An interesting idea based on a deterministic perspective. Pure theory, nothing else...
...Fish are simply complex biological things, governed by genes which dictate aspects such as size, natural wariness etc, and can in theory be entirely predictable in how they interact to minute changes in the local environment. So, if you were to map out the genome of your quarry and thoroughly study every genes' effect, you could in theory formulate a statistical model, of which the only variables would be the learned behaviors of the fish, which would be brought on my things like predation and angling pressure. So you could create a statistical model on which informed assumptions such as how likely a fish is to feed, where it will feed and what it will prefer as bait, and whether or not it will respond to camouflaged line. The genetics would even make a fish predisposed to wariness or feeding with seeming abandon. Also, providing a lake isn't stocked, the genome of your lake would be discrete, so you could (if you really had the time and motivation) work out the proportion of fish in the lake that will be likely to have these predispositions to wariness or strong feeding behavior.
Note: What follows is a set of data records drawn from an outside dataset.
lemma Chernoff_optimize:
  fixes P t V x :: real
  assumes mgf: "\<And>lam. 0 \<le> lam \<Longrightarrow> P \<le> exp (- lam * t + lam\<^sup>2 * V)"
    and "0 < V" "0 \<le> x" and t: "2 * sqrt (V * x) \<le> t"
  shows "P \<le> exp (- x)"
proof -
  define lam where "lam = sqrt (x / V)"
  have "0 \<le> lam"
    using assms by (simp add: lam_def)
  have "lam * (2 * sqrt (V * x)) = 2 * x"
    using assms by (simp add: lam_def real_sqrt_mult[symmetric])
  then have "2 * x \<le> lam * t"
    using t \<open>0 \<le> lam\<close> by (metis mult_left_mono)
  moreover have "lam\<^sup>2 * V = x"
    using assms by (simp add: lam_def)
  ultimately have "- lam * t + lam\<^sup>2 * V \<le> - x"
    by linarith
  then show ?thesis
    using mgf[OF \<open>0 \<le> lam\<close>] by (meson exp_le_cancel_iff order_trans)
qed

lemma sqrt_threshold_le_gap:
  fixes p f L s N :: real
  assumes "0 \<le> p" "0 \<le> L" "0 < s" "s \<le> N" "2 * (f + 12 * L / s) < p"
  shows "2 * sqrt (p / (2 * N) * (8 * L)) \<le> p - f"
proof -
  have eq: "p / (2 * N) * (8 * L) = p / 2 * (8 * (L / N))"
    by simp
  have "2 * sqrt (p / 2 * (8 * (L / N))) \<le> p / 2 + 8 * (L / N)"
    using arith_geo_mean_sqrt[of "p / 2" "8 * (L / N)"] assms by simp
  also have "\<dots> \<le> p / 2 + 8 * (L / s)"
    using assms by (simp add: divide_left_mono)
  also have "\<dots> \<le> p - f"
    using assms by (simp add: field_simps)
  finally show ?thesis
    unfolding eq .
qed
lemma comm_subgroup_normal:
  assumes "A \<subseteq> carrier G" and conj_closed: "\<And>x g. x \<in> A \<Longrightarrow> g \<in> carrier G \<Longrightarrow> g \<otimes> x \<otimes> inv g \<in> A"
  shows "comm_subgroup G A \<lhd> G"
  unfolding comm_subgroup_def
proof (rule normal_generateI)
  show "(\<Union>x\<in>A. \<Union>g\<in>carrier G. {inv x \<otimes> inv g \<otimes> x \<otimes> g}) \<subseteq> carrier G"
    using assms(1) by blast
next
  fix c g assume "c \<in> (\<Union>x\<in>A. \<Union>g\<in>carrier G. {inv x \<otimes> inv g \<otimes> x \<otimes> g})" and g: "g \<in> carrier G"
  then obtain x y where x: "x \<in> A" and y: "y \<in> carrier G" and c: "c = inv x \<otimes> inv y \<otimes> x \<otimes> y"
    by blast
  have "g \<otimes> x \<otimes> inv g \<in> A" "g \<otimes> y \<otimes> inv g \<in> carrier G"
    using conj_closed[OF x g] y g by simp_all
  moreover have "g \<otimes> c \<otimes> inv g = inv (g \<otimes> x \<otimes> inv g) \<otimes> inv (g \<otimes> y \<otimes> inv g) \<otimes> (g \<otimes> x \<otimes> inv g) \<otimes> (g \<otimes> y \<otimes> inv g)"
    using conj_commutator x y g assms(1) c by blast
  ultimately show "g \<otimes> c \<otimes> inv g \<in> (\<Union>x\<in>A. \<Union>g\<in>carrier G. {inv x \<otimes> inv g \<otimes> x \<otimes> g})"
    by blast
qed

end

lemma (in normal) r_coset_commutator_mult_central:
  assumes "comm_subgroup G A \<subseteq> H" "A \<subseteq> carrier G" "x \<in> A" "y \<in> A" "s \<in> carrier G" "t \<in> carrier G"
  shows "H #> (s \<otimes> x \<otimes> (t \<otimes> y) \<otimes> inv (s \<otimes> x) \<otimes> inv (t \<otimes> y)) = H #> (s \<otimes> t \<otimes> inv s \<otimes> inv t)"
proof -
  interpret Q: group "G Mod H"
    by (rule factorgroup_is_group)
  interpret \<pi>: group_hom G "G Mod H" "\<lambda>a. H #> a"
    using r_coset_hom_Mod by unfold_locales
  have central: "(H #> z) \<otimes>\<^bsub>G Mod H\<^esub> q = q \<otimes>\<^bsub>G Mod H\<^esub> (H #> z)"
    if zA: "z \<in> A" and q: "q \<in> carrier (G Mod H)" for z q
  proof -
    obtain g where g: "g \<in> carrier G" "q = H #> g"
      using q unfolding carrier_FactGroup by (rule imageE)
    have z: "z \<in> carrier G"
      using subsetD[OF assms(2) zA] .
    have "inv z \<otimes> inv g \<otimes> z \<otimes> g \<in> H"
      using subsetD[OF assms(1) commutator_in_comm_subgroup[OF zA g(1)]] .
    then have "H #> (inv z \<otimes> inv g \<otimes> z \<otimes> g) = \<one>\<^bsub>G Mod H\<^esub>"
      using coset_join2 subgroup_axioms z g(1) by simp
    then show ?thesis
      using Q.commute_if_commutator_eq_one[of "H #> z" "H #> g"] z g by simp
  qed
  have xy: "x \<in> carrier G" "y \<in> carrier G"
    using assms(2-4) by (auto dest: subsetD)
  show ?thesis
    using Q.commutator_mult_central[of "H #> s" "H #> t" "H #> x" "H #> y"] central assms(3-6) xy
    by simp
qed

lemma subgroup_equalizer:
  assumes "group_hom G H f" "group_hom G H g"
  shows "subgroup {x \<in> carrier G. f x = g x} G"
proof -
  interpret f: group_hom G H f by fact
  interpret g: group_hom G H g by fact
  show ?thesis
    by (rule f.G.subgroupI) auto
qed

lemma k2_eq_k1_swap: "k2 G V = k1 G (prod.swap ` V)"
  unfolding k1_def k2_def by auto

locale square_subgroup = group G for G (structure) +
  fixes U :: "('a \<times> 'a) set"
  assumes subgroup_square: "subgroup U (G \<times>\<times> G)"
begin

sublocale GG: group "G \<times>\<times> G"
  by (rule DirProd_group) (rule is_group)+

sublocale U: subgroup U "G \<times>\<times> G"
  by (rule subgroup_square)

lemma pair_in_carrier: "(a, b) \<in> U \<Longrightarrow> a \<in> carrier G \<and> b \<in> carrier G"
  using U.subset by auto

lemma pair_inv_closed: "(a, b) \<in> U \<Longrightarrow> (inv a, inv b) \<in> U"
  using U.m_inv_closed pair_in_carrier by fastforce

lemma pair_mult_closed: "(a, b) \<in> U \<Longrightarrow> (c, d) \<in> U \<Longrightarrow> (a \<otimes> c, b \<otimes> d) \<in> U"
  using U.m_closed by fastforce

lemma subgroup_k1: "subgroup (k1 G U) G"
proof (rule subgroupI)
  show "k1 G U \<noteq> {}"
    using U.one_closed unfolding k1_def by auto
qed (auto simp: k1_def pair_inv_closed[of _ \<one>, simplified] pair_mult_closed[of _ \<one> _ \<one>, simplified])

lemma k1_conj_closed:
  assumes "x \<in> k1 G U" "(g, h) \<in> U"
  shows "g \<otimes> x \<otimes> inv g \<in> k1 G U"
proof -
  have "(g \<otimes> x \<otimes> inv g, h \<otimes> \<one> \<otimes> inv h) \<in> U"
    using assms by (auto simp: k1_def intro: pair_mult_closed pair_inv_closed)
  then show ?thesis
    using assms pair_in_carrier unfolding k1_def by auto
qed

lemma square_subgroup_derived: "square_subgroup G (derived (G \<times>\<times> G) U)"
  by (intro square_subgroup.intro square_subgroup_axioms.intro is_group
      GG.derived_is_subgroup U.subset)

lemma comm_subgroup_k1_subset_k1_derived:
  assumes fst_surj: "carrier G \<subseteq> fst ` U"
  shows "comm_subgroup G (k1 G U) \<subseteq> k1 G (derived (G \<times>\<times> G) U)"
  unfolding comm_subgroup_def
proof (rule generate_subgroup_incl)
  show "subgroup (k1 G (derived (G \<times>\<times> G) U)) G"
    by (rule square_subgroup.subgroup_k1[OF square_subgroup_derived])
  show "(\<Union>x\<in>k1 G U. \<Union>g\<in>carrier G. {inv x \<otimes> inv g \<otimes> x \<otimes> g}) \<subseteq> k1 G (derived (G \<times>\<times> G) U)"
  proof (intro UN_least subsetI, elim singletonE)
    fix x g c assume x: "x \<in> k1 G U" and g: "g \<in> carrier G" and c: "c = inv x \<otimes> inv g \<otimes> x \<otimes> g"
    obtain h where gh: "(g, h) \<in> U"
      using g fst_surj by force
    have xU: "(inv x, \<one>) \<in> U" and xG: "x \<in> carrier G"
      using x pair_inv_closed[of x \<one>] unfolding k1_def by auto
    have hU: "(inv g, inv h) \<in> U" and hG: "h \<in> carrier G"
      using gh pair_inv_closed pair_in_carrier by auto
    have comm_eq: "(inv x, \<one>) \<otimes>\<^bsub>G \<times>\<times> G\<^esub> (inv g, inv h) \<otimes>\<^bsub>G \<times>\<times> G\<^esub> inv\<^bsub>G \<times>\<times> G\<^esub> (inv x, \<one>)
        \<otimes>\<^bsub>G \<times>\<times> G\<^esub> inv\<^bsub>G \<times>\<times> G\<^esub> (inv g, inv h) = (c, \<one>)"
      using xG g hG c by (simp add: inv_DirProd[OF is_group is_group])
    have "(c, \<one>) \<in> derived_set (G \<times>\<times> G) U"
      unfolding comm_eq[symmetric] by (rule UN_I[OF xU UN_I[OF hU singletonI]])
    then have "(c, \<one>) \<in> derived (G \<times>\<times> G) U"
      unfolding derived_def by (rule generate.incl)
    then show "c \<in> k1 G (derived (G \<times>\<times> G) U)"
      using xG g c unfolding k1_def by auto
  qed
qed

lemma comm_subgroup_k1_normal:
  assumes fst_surj: "carrier G \<subseteq> fst ` U"
  shows "comm_subgroup G (k1 G U) \<lhd> G"
proof (rule comm_subgroup_normal)
  show "k1 G U \<subseteq> carrier G"
    by (rule subgroup.subset[OF subgroup_k1])
  fix x g assume x: "x \<in> k1 G U" and g: "g \<in> carrier G"
  then obtain h where "(g, h) \<in> U"
    using fst_surj by force
  then show "g \<otimes> x \<otimes> inv g \<in> k1 G U"
    using k1_conj_closed x by simp
qed

lemma graph_inv_mult_mem_k1:
  assumes graph: "\<And>b. b \<in> carrier G \<Longrightarrow> (\<sigma> b, b) \<in> U" and pq: "(p, q) \<in> U"
  shows "inv (\<sigma> q) \<otimes> p \<in> k1 G U"
proof -
  have q: "q \<in> carrier G" "p \<in> carrier G"
    using pair_in_carrier[OF pq] by simp_all
  have mem: "(inv (\<sigma> q) \<otimes> p, inv q \<otimes> q) \<in> U"
    using pair_mult_closed[OF pair_inv_closed[OF graph[OF q(1)]] pq] .
  then show ?thesis
    using pair_in_carrier[OF mem] q unfolding k1_def by simp
qed
text \<open>The degree-reduction step: under the same hypotheses there is h' of degree
  \<le> m with D h' = D h, namely h'_i = h_i + \<Sum>_j \<nabla>_j C_ij.\<close>
lemma degree_reduction:
  assumes regp: "weak_regular_seq a n"
    and bound: "\<forall>i<n. deg_bound n (Suc m) (h i)"
    and top: "\<forall>\<beta>. mdeg n \<beta> = Suc m \<longrightarrow> Dmap n a h \<beta> = 0"
  shows "\<exists>h'. (\<forall>i<n. deg_bound n m (h' i)) \<and> Dmap n a h' = Dmap n a h"
proof -
  obtain C where hom: "\<And>i j \<beta>. C i j \<beta> \<noteq> 0 \<Longrightarrow> mdeg n \<beta> = Suc m"
    and skew: "\<And>i j. i < n \<Longrightarrow> j < n \<Longrightarrow> C j i = (\<lambda>\<beta>. - C i j \<beta>)"
    and diag: "\<And>i. i < n \<Longrightarrow> C i i = (\<lambda>\<beta>. 0)"
    and koszul: "\<And>i \<beta>. i < n \<Longrightarrow> mdeg n \<beta> = Suc m \<Longrightarrow> h i \<beta> = (\<Sum>j<n. C i j \<beta> * a j)"
    using top_part_koszul[OF assms] by blast
  define k where "k = (\<lambda>i \<beta>. \<Sum>j<n. nab j a (C i j) \<beta>)"
  define h' where "h' = (\<lambda>i \<beta>. h i \<beta> + k i \<beta>)"
  have "Dmap n a h' = Dmap n a h"
    using Dmap_skew_zero[of n C a, OF skew diag] by (simp add: h'_def k_def Dmap_add)
  moreover have "deg_bound n m (h' i)" if i: "i < n" for i
    unfolding deg_bound_def
  proof (intro allI impI; rule ccontr)
    fix \<beta> assume nz: "h' i \<beta> \<noteq> 0" and "\<not> mdeg n \<beta> \<le> m"
    then have ge: "Suc m \<le> mdeg n \<beta>" by simp
    \<comment> \<open>in degrees \<ge> m+1 the correction k_i equals -\<Sum>_j C_ij a_j, cancelling h_i\<close>
    have CB: "deg_bound n (Suc m) (C i j)" for j using hom by (force simp: deg_bound_def)
    have k_top: "k i \<beta> = - (\<Sum>j<n. C i j \<beta> * a j)"
      unfolding k_def sum_negf[symmetric] by (intro sum.cong) (auto intro: nab_top[OF CB _ ge])
    have "h' i \<beta> = 0"
    proof (cases "mdeg n \<beta> = Suc m")
      case True
      then show ?thesis by (simp add: h'_def k_top koszul[OF i])
    next
      case False
      then have "h i \<beta> = 0" using bound i ge by (force simp: deg_bound_def)
      moreover have "C i j \<beta> = 0" for j using hom False by blast
      ultimately show ?thesis by (simp add: h'_def k_top)
    qed
    with nz show False by simp
  qed
  ultimately show ?thesis by blast
qed

lemma descent:
  assumes regp: "weak_regular_seq a n"
    and g_bound: "deg_bound n d g"
  shows "\<forall>i<n. deg_bound n m (h i) \<Longrightarrow> g = Dmap n a h \<Longrightarrow> mdeg n \<alpha> = d
     \<Longrightarrow> in_ideal_gen a n (g \<alpha>)"
proof (induction m arbitrary: h)
  case 0
  then have "g \<alpha> = (\<Sum>i<n. (- h i \<alpha>) * a i)" using Dmap_top[of n 0 h \<alpha> a] by (simp add: sum_negf)
  then show ?case using in_ideal_gen_lincomb by metis
next
  case (Suc m)
  show ?case
  proof (cases "Suc m \<le> d")
    case True
    then have "g \<alpha> = (\<Sum>i<n. (- h i \<alpha>) * a i)"
      using Suc.prems Dmap_top[of n "Suc m" h \<alpha> a] by (simp add: sum_negf)
    then show ?thesis using in_ideal_gen_lincomb by metis
  next
    case False
    then have "\<forall>\<beta>. mdeg n \<beta> = Suc m \<longrightarrow> Dmap n a h \<beta> = 0"
      using g_bound Suc.prems(2) by (force simp: deg_bound_def)
    then obtain h' where h': "\<forall>i<n. deg_bound n m (h' i)" "Dmap n a h' = Dmap n a h"
      using degree_reduction[OF regp] Suc.prems(1) by blast
    have "g = Dmap n a h'" using h'(2) Suc.prems(2) by simp
    then show ?thesis using Suc.IH[OF h'(1)] Suc.prems(3) by blast
  qed
qed

lemma common_deg_bound:
  assumes "\<forall>i<n. is_poly n (h i)"
  shows "\<exists>m. \<forall>i<n. deg_bound n m (h i)"
proof -
  define S where "S = (\<Union>i<n. {\<beta>. h i \<beta> \<noteq> 0})"
  have "finite S" unfolding S_def using assms by (auto simp: is_poly_def)
  then have "\<forall>i<n. deg_bound n (Max (mdeg n ` S)) (h i)"
    by (auto simp: deg_bound_def S_def intro: Max_ge)
  then show ?thesis by blast
qed

theorem lemma2p5:
  fixes a :: "nat \<Rightarrow> 'a::comm_ring_1" and n d :: nat
    and g :: "(nat \<Rightarrow> nat) \<Rightarrow> 'a"
  assumes reg: "regular_seq a n"
    and gpoly: "is_poly n g"
    and deg_le: "\<forall>\<alpha>. g \<alpha> \<noteq> 0 \<longrightarrow> mdeg n \<alpha> \<le> d"
    and deg_eq: "\<exists>\<alpha>. g \<alpha> \<noteq> 0 \<and> mdeg n \<alpha> = d"
    and img: "\<exists>h. (\<forall>i<n. is_poly n (h i)) \<and> g = Dmap n a h"
  shows "\<forall>\<alpha>. mdeg n \<alpha> = d \<longrightarrow> in_ideal_gen a n (g \<alpha>)"
proof -
  obtain h where hp: "\<forall>i<n. is_poly n (h i)" and gh: "g = Dmap n a h" using img by blast
  obtain m where "\<forall>i<n. deg_bound n m (h i)" using common_deg_bound[OF hp] by blast
  moreover have "deg_bound n d g" using deg_le by (simp add: deg_bound_def)
  ultimately show ?thesis using descent[OF regular_seq_weak[OF reg]] gh by blast
qed

end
With this knowledge you could then surely devise an equation into which you simply type in variables such as temperature, light and date and be given an approximate probability of whether or not you'd catch or not...
I've probably made a false assumption somewhere, so would be interested in seeing my theory ripped into by the biologists on the forum.
One obvious problem is that it assumes that fish lack freewill, and the subsequent argument would be that humans lack free will as well, being also just a creature made up of genetic predispositions and cause and effect style learned behavior.